I wonder what's on tap.


"Bunge is an agribusiness and food ingredient company dedicated to improving the global food supply chain."


No idea as to how they're fulfilling their human mandate, but they certainly seem to have birds covered. A huge flock of pigeons sits above the huge vats, waiting for industrial hand-outs.


A bird of prey (a hawk?) carries a doomed pigeon past the mustard-yellow, faded fa├žade of the vacant structure.


Retreating in response, the cloud of pigeons relocates to another part of the block. (See top left corner of photograph)

They shortly land around a rusty railroad car full of wheat product. Their frustration is palpable. (Pigeons not shown)


Speaking of palpable, it's worth mentioning that the air around this whole area had a smell that was always shifting, elusive in nature, but unvarying in its abrasiveness. At the end of the day, I felt dizzy and nauseated.


A large pile of something sits dangerously close to water. Environment Canada has flagged this whole zone as an Area of Concern. It's worth noting that the EC chose to represent this area with a photo of its one park. Cute, guys.


The whole block feels like a dirty secret. It was quite intimidating to photograph, though what I was doing was perfectly legal, given that I was on public streets and sidewalks at all times. This particular area smelled almost exactly like freshly-made tortillas. The thought of tortillas made me hungry, but the industrial smell made my stomach uneasy.


Being in this area felt like coming across a shattered dream. At the turn of the century, Hamilton was a city with beautiful buildings. Ambitious to develop, it embarked on an industrial course that would be its own undoing. Like someone realizing their mistakes too late, there was simply no return, only a slow and arduous decay into obsolescence.


What I love about these buildings is that they're not designed to be pretty. They're designed for efficiency, ease of repairability, endurance, and so on.
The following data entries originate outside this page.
(* Let $n\ge2$, $L>1$, let $\sigma_{1,1}$ be as below, and define $f_{1,1}:[1,\infty)\to\mathbb{R}$ by $f_{1,1}(r)=r+\frac{1+\sigma_{1,1}}{n-1-\sigma_{1,1}}\,r^{-(n-1)}$. Define $F,G:[1,\infty)\to\mathbb{R}$ by $$F(r)=(f_{1,1}'(r))^2+\frac{n-1}{r^2}f_{1,1}(r)^2,\qquad G(r)=2f_{1,1}(r)f_{1,1}'(r)+\frac{n-1}{r}f_{1,1}(r)^2.$$ Then $F$ is a decreasing function of $r$ and $G$ is an increasing function of $r$ on $[1,\infty)$.
   Context: $\sigma_{1,1}$ is the smaller root of $\tilde A\sigma^2+\tilde B\sigma+\tilde C=0$ with $\tilde A=L(L^n-1)$, $\tilde B=-\{L^n+(n-1)L^{n+1}+L+n-1\}$, $\tilde C=(n-1)(L^n-1)$; it is the first nonzero Steklov eigenvalue of the annulus $\{x\in\mathbb{R}^n:1<|x|<L\}$. *)

theory Defs
  imports "HOL-Analysis.Analysis"
begin

definition tA :: "nat \<Rightarrow> real \<Rightarrow> real" where
  "tA n L = L * (L ^ n - 1)"
definition tB :: "nat \<Rightarrow> real \<Rightarrow> real" where
  "tB n L = - (L ^ n + (real n - 1) * L ^ (n + 1) + L + (real n - 1))"
definition tC :: "nat \<Rightarrow> real \<Rightarrow> real" where
  "tC n L = (real n - 1) * (L ^ n - 1)"

definition sigma11 :: "nat \<Rightarrow> real \<Rightarrow> real" where
  "sigma11 n L = Min {s. tA n L * s ^ 2 + tB n L * s + tC n L = 0}"

definition f11 :: "nat \<Rightarrow> real \<Rightarrow> real \<Rightarrow> real" where
  "f11 n L r = r + (1 + sigma11 n L) / (real n - 1 - sigma11 n L) * inverse (r ^ (n - 1))"

definition F11 :: "nat \<Rightarrow> real \<Rightarrow> real \<Rightarrow> real" where
  "F11 n L r = (deriv (f11 n L) r) ^ 2 + (real n - 1) / r ^ 2 * (f11 n L r) ^ 2"

definition G11 :: "nat \<Rightarrow> real \<Rightarrow> real \<Rightarrow> real" where
  "G11 n L r = 2 * f11 n L r * deriv (f11 n L) r + (real n - 1) / r * (f11 n L r) ^ 2"

end

theory Submission
  imports Defs "HOL-Library.Quadratic_Discriminant"
begin

text \<open>
  The quadratic defining \<open>\<sigma>\<^sub>1\<^sub>,\<^sub>1\<close> is positive on \<open>(-\<infinity>,0]\<close> and negative
  at 1, so \<open>0 < \<sigma>\<^sub>1\<^sub>,\<^sub>1 < 1\<close> and \<open>f\<^sub>1\<^sub>,\<^sub>1(r) = r + c r\<^sup>-\<^sup>k\<close> with
  \<open>k = n - 1 \<ge> 1\<close> and \<open>c > 0\<close>. For any such function one computes
  \<open>F(r) = (k+1) + k(k+1) c\<^sup>2 r\<^sup>-\<^sup>2\<^sup>k\<^sup>-\<^sup>2\<close>, decreasing as soon as \<open>c \<noteq> 0\<close>, and
  \<open>G(r) = (k+2) r + 2 c r\<^sup>-\<^sup>k - k c\<^sup>2 r\<^sup>-\<^sup>2\<^sup>k\<^sup>-\<^sup>1\<close>, whose derivative
  \<open>(k+2) - 2k x + k(2k+1) x\<^sup>2\<close>, \<open>x = c r\<^sup>-\<^sup>k\<^sup>-\<^sup>1\<close>, is a positive definite quadratic in \<open>x\<close>.
\<close>

lemma Min_quadratic_roots_in_unit_interval:
  fixes a b c :: real
  assumes "a > 0" "c > 0" "a + b + c < 0"
  shows "Min {s. a * s\<^sup>2 + b * s + c = 0} \<in> {0<..<1}"
proof -
  define p where "p s = a * s\<^sup>2 + b * s + c" for s
  define S where "S = {s. p s = 0}"
  have "continuous_on {0..1} p"
    unfolding p_def by (intro continuous_intros)
  then obtain x where x: "0 \<le> x" "x \<le> 1" "p x = 0"
    using IVT2'[of p 1 0 0] assms by (force simp: p_def)
  have "x \<noteq> 1"
    using x assms by (auto simp: p_def)
  have "S \<subseteq> {(- b + sqrt (discrim a b c)) / (2 * a), (- b - sqrt (discrim a b c)) / (2 * a)}"
    using discriminant_iff[of a] assms by (auto simp: S_def p_def)
  then have "finite S"
    by (rule finite_subset) simp
  moreover have "x \<in> S"
    using x by (simp add: S_def)
  ultimately have "Min S \<in> S" "Min S \<le> x"
    by (auto intro: Min_in Min_le)
  moreover have "s > 0" if "s \<in> S" for s
  proof (rule ccontr)
    assume "\<not> s > 0"
    then have "b * s \<ge> 0"
      using assms by (intro mult_nonpos_nonpos) auto
    then have "p s > 0"
      using assms by (simp add: p_def add_nonneg_pos)
    then show False
      using that by (simp add: S_def)
  qed
  ultimately show ?thesis
    using x \<open>x \<noteq> 1\<close> by (auto simp: S_def p_def)
qed

lemma sigma11_bounds:
  assumes "n \<ge> 2" "L > 1"
  shows "0 < sigma11 n L" "sigma11 n L < 1"
proof -
  have "L ^ n > 1"
    using assms by (simp add: one_less_power)
  then have A: "tA n L > 0" and C: "tC n L > 0"
    using assms by (auto simp: tA_def tC_def)
  have "(real n - 2) * L ^ n * (L - 1) \<ge> 0"
    using assms by simp
  then have "tA n L + tB n L + tC n L < 0"
    using assms by (simp add: tA_def tB_def tC_def algebra_simps)
  then show "0 < sigma11 n L" "sigma11 n L < 1"
    using A C Min_quadratic_roots_in_unit_interval unfolding sigma11_def by auto
qed

lemma has_real_derivative_inverse_power:
  fixes r :: real
  assumes "r \<noteq> 0"
  shows "((\<lambda>r. inverse (r ^ m)) has_real_derivative - m / r ^ (m + 1)) (at r)"
proof -
  have "inverse (r ^ m) * (m * r ^ (m - 1)) * inverse (r ^ m) = m / r ^ (m + 1)"
    using assms by (cases m) (simp_all add: field_simps)
  moreover have "((\<lambda>r. inverse (r ^ m)) has_real_derivative
                   - (inverse (r ^ m) * (m * r ^ (m - 1)) * inverse (r ^ m))) (at r)"
    using assms by (auto intro!: derivative_eq_intros)
  ultimately show ?thesis
    by simp
qed

text \<open>
  With \<open>k = n - 1\<close> these are the radial factors \<open>f\<close> of the harmonic functions
  \<open>f(|x|) x\<^sub>1 / |x|\<close> on \<open>\<real>\<^sup>n - {0}\<close>.
\<close>
definition radial_harmonic :: "nat \<Rightarrow> real \<Rightarrow> real \<Rightarrow> real" where
  "radial_harmonic k c r = r + c * inverse (r ^ k)"

lemma deriv_radial_harmonic:
  fixes r :: real
  assumes "r \<noteq> 0"
  shows "deriv (radial_harmonic k c) r = 1 - k * c / r ^ (k + 1)"
proof (rule DERIV_imp_deriv)
  have "(radial_harmonic k c has_real_derivative 1 + c * (- real k / r ^ (k + 1))) (at r)"
    unfolding radial_harmonic_def
    by (intro DERIV_add DERIV_ident DERIV_cmult has_real_derivative_inverse_power assms)
  then show "(radial_harmonic k c has_real_derivative 1 - k * c / r ^ (k + 1)) (at r)"
    by (simp add: mult.commute)
qed

lemma radial_harmonic_F_eq:
  fixes r :: real
  assumes "r \<noteq> 0"
  shows "(deriv (radial_harmonic k c) r)\<^sup>2 + k / r\<^sup>2 * (radial_harmonic k c r)\<^sup>2
           = (k + 1) + k * (k + 1) * c\<^sup>2 / r ^ (2 * k + 2)"
proof -
  have "r ^ (k + 1) = r * r ^ k" "r ^ (2 * k + 2) = (r * r ^ k)\<^sup>2"
    by (simp_all add: power2_eq_square power_add mult_2)
  moreover have "r ^ k \<noteq> 0"
    using assms by simp
  ultimately show ?thesis
    using assms by (simp add: deriv_radial_harmonic radial_harmonic_def field_simps power2_eq_square)
qed

lemma radial_harmonic_G_eq:
  fixes r :: real
  assumes "r \<noteq> 0"
  shows "2 * radial_harmonic k c r * deriv (radial_harmonic k c) r + k / r * (radial_harmonic k c r)\<^sup>2
           = (k + 2) * r + 2 * c * inverse (r ^ k) - k * c\<^sup>2 * inverse (r ^ (2 * k + 1))"
proof -
  have "r ^ (k + 1) = r * r ^ k" "r ^ (2 * k + 1) = r * (r ^ k)\<^sup>2"
    by (simp_all add: power2_eq_square power_add mult_2)
  moreover have "r ^ k \<noteq> 0"
    using assms by simp
  ultimately show ?thesis
    using assms by (simp add: deriv_radial_harmonic radial_harmonic_def field_simps power2_eq_square)
qed

lemma radial_harmonic_F_strict_decreasing:
  fixes r s :: real
  assumes "k \<ge> 1" "c \<noteq> 0" "0 < r" "r < s"
  shows "(deriv (radial_harmonic k c) s)\<^sup>2 + k / s\<^sup>2 * (radial_harmonic k c s)\<^sup>2
           < (deriv (radial_harmonic k c) r)\<^sup>2 + k / r\<^sup>2 * (radial_harmonic k c r)\<^sup>2"
proof -
  have "r \<noteq> 0" "s \<noteq> 0"
    using assms by auto
  have "k * (real k + 1) * c\<^sup>2 / s ^ (2 * k + 2) < k * (real k + 1) * c\<^sup>2 / r ^ (2 * k + 2)"
    using assms by (intro divide_strict_left_mono power_strict_mono mult_pos_pos) auto
  then show ?thesis
    unfolding radial_harmonic_F_eq[OF \<open>r \<noteq> 0\<close>] radial_harmonic_F_eq[OF \<open>s \<noteq> 0\<close>] by simp
qed

lemma radial_harmonic_G_strict_increasing:
  fixes r s :: real
  assumes "0 < r" "r < s"
  shows "2 * radial_harmonic k c r * deriv (radial_harmonic k c) r + k / r * (radial_harmonic k c r)\<^sup>2
           < 2 * radial_harmonic k c s * deriv (radial_harmonic k c) s + k / s * (radial_harmonic k c s)\<^sup>2"
proof -
  have "r \<noteq> 0" "s \<noteq> 0"
    using assms by auto
  define g where "g u = (real k + 2) * u + 2 * c * inverse (u ^ k) - k * c\<^sup>2 * inverse (u ^ (2 * k + 1))"
    for u :: real
  have "g r < g s"
  proof (rule DERIV_pos_imp_increasing[OF assms(2)])
    fix t :: real
    assume "r \<le> t" "t \<le> s"
    then have "t \<noteq> 0"
      using assms by simp
    define x where "x = c / t ^ (k + 1)"
    have "(g has_real_derivative
            (real k + 2) * 1 + 2 * c * (- real k / t ^ (k + 1))
              - k * c\<^sup>2 * (- real (2 * k + 1) / t ^ (2 * k + 1 + 1))) (at t)"
      unfolding g_def
      by (intro DERIV_add DERIV_diff DERIV_ident DERIV_cmult has_real_derivative_inverse_power \<open>t \<noteq> 0\<close>)
    also have "(real k + 2) * 1 + 2 * c * (- real k / t ^ (k + 1))
                 - k * c\<^sup>2 * (- real (2 * k + 1) / t ^ (2 * k + 1 + 1))
               = (real k + 2) - 2 * k * x + k * (2 * k + 1) * x\<^sup>2"
    proof -
      have "t ^ (2 * k + 1 + 1) = (t ^ (k + 1))\<^sup>2"
        by (simp add: power2_eq_square power_add mult_2)
      with \<open>t \<noteq> 0\<close> show ?thesis
        by (simp add: x_def power_divide field_simps)
    qed
    finally have "(g has_real_derivative (real k + 2) - 2 * k * x + k * (2 * k + 1) * x\<^sup>2) (at t)" .
    moreover have "(real k + 2) - 2 * k * x + k * (2 * k + 1) * x\<^sup>2 > 0"
    proof -
      have "(2 * k + 1) * ((real k + 2) - 2 * k * x + k * (2 * k + 1) * x\<^sup>2)
              = k * ((2 * k + 1) * x - 1)\<^sup>2 + 2 * (k + 1)\<^sup>2"
        by (simp add: algebra_simps power2_eq_square)
      then have "(2 * k + 1) * ((real k + 2) - 2 * k * x + k * (2 * k + 1) * x\<^sup>2) > 0"
        by (simp add: add_nonneg_pos)
      then show ?thesis
        by (simp add: zero_less_mult_iff)
    qed
    ultimately show "\<exists>y. (g has_real_derivative y) (at t) \<and> y > 0"
      by blast
  qed
  then show ?thesis
    unfolding g_def radial_harmonic_G_eq[OF \<open>r \<noteq> 0\<close>] radial_harmonic_G_eq[OF \<open>s \<noteq> 0\<close>] .
qed

theorem lemma3p1:
  fixes n :: nat and L :: real
  assumes "n \<ge> 2" and "L > 1"
  shows "(\<forall>r s. 1 \<le> r \<longrightarrow> r < s \<longrightarrow> F11 n L s < F11 n L r) \<and>
         (\<forall>r s. 1 \<le> r \<longrightarrow> r < s \<longrightarrow> G11 n L r < G11 n L s)"
proof -
  define c where "c = (1 + sigma11 n L) / (real n - 1 - sigma11 n L)"
  have "c > 0"
    using sigma11_bounds[OF assms] assms unfolding c_def by (intro divide_pos_pos) auto
  have "real (n - 1) = real n - 1"
    using assms by simp
  then have "F11 n L r = (deriv (radial_harmonic (n - 1) c) r)\<^sup>2
                           + (n - 1) / r\<^sup>2 * (radial_harmonic (n - 1) c r)\<^sup>2"
    and "G11 n L r = 2 * radial_harmonic (n - 1) c r * deriv (radial_harmonic (n - 1) c) r
                       + (n - 1) / r * (radial_harmonic (n - 1) c r)\<^sup>2" for r
    unfolding F11_def G11_def f11_def radial_harmonic_def c_def by simp_all
  with \<open>c > 0\<close> assms show ?thesis
    using radial_harmonic_F_strict_decreasing[of "n - 1" c] radial_harmonic_G_strict_increasing[of _ _ "n - 1" c]
    by auto
qed

end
And yet, there are always elements of aesthetic design which have to be deliberated and chosen. Gotta love those colours.


A set of clustered buildings displays a number of ugly, off-green paints, while its neighbouring plant opts for a simpler Ikea Blue.


In the end, there was still much to explore. A whole horizon of crumbling buildings, filthy smokestacks, and geometrically jagged horizons awaits a future date.


At the end of a long and fruitful adventure, I photographed a final building, on the south side of the street. With my lungs well-oiled and my head spinning, I was ready to get out of here.


Waiting for the #4 bus back into downtown, I came across a set of flags: USA, Canada, and US Steel, all side by side. How could a corporation hold the same weight as country? I thought. And then it hit me. Hamilton is its industry. The Hammer, Steeltown, The Ambitious City.

You can't understand the city if you don't understand its heart, however industrial it may be.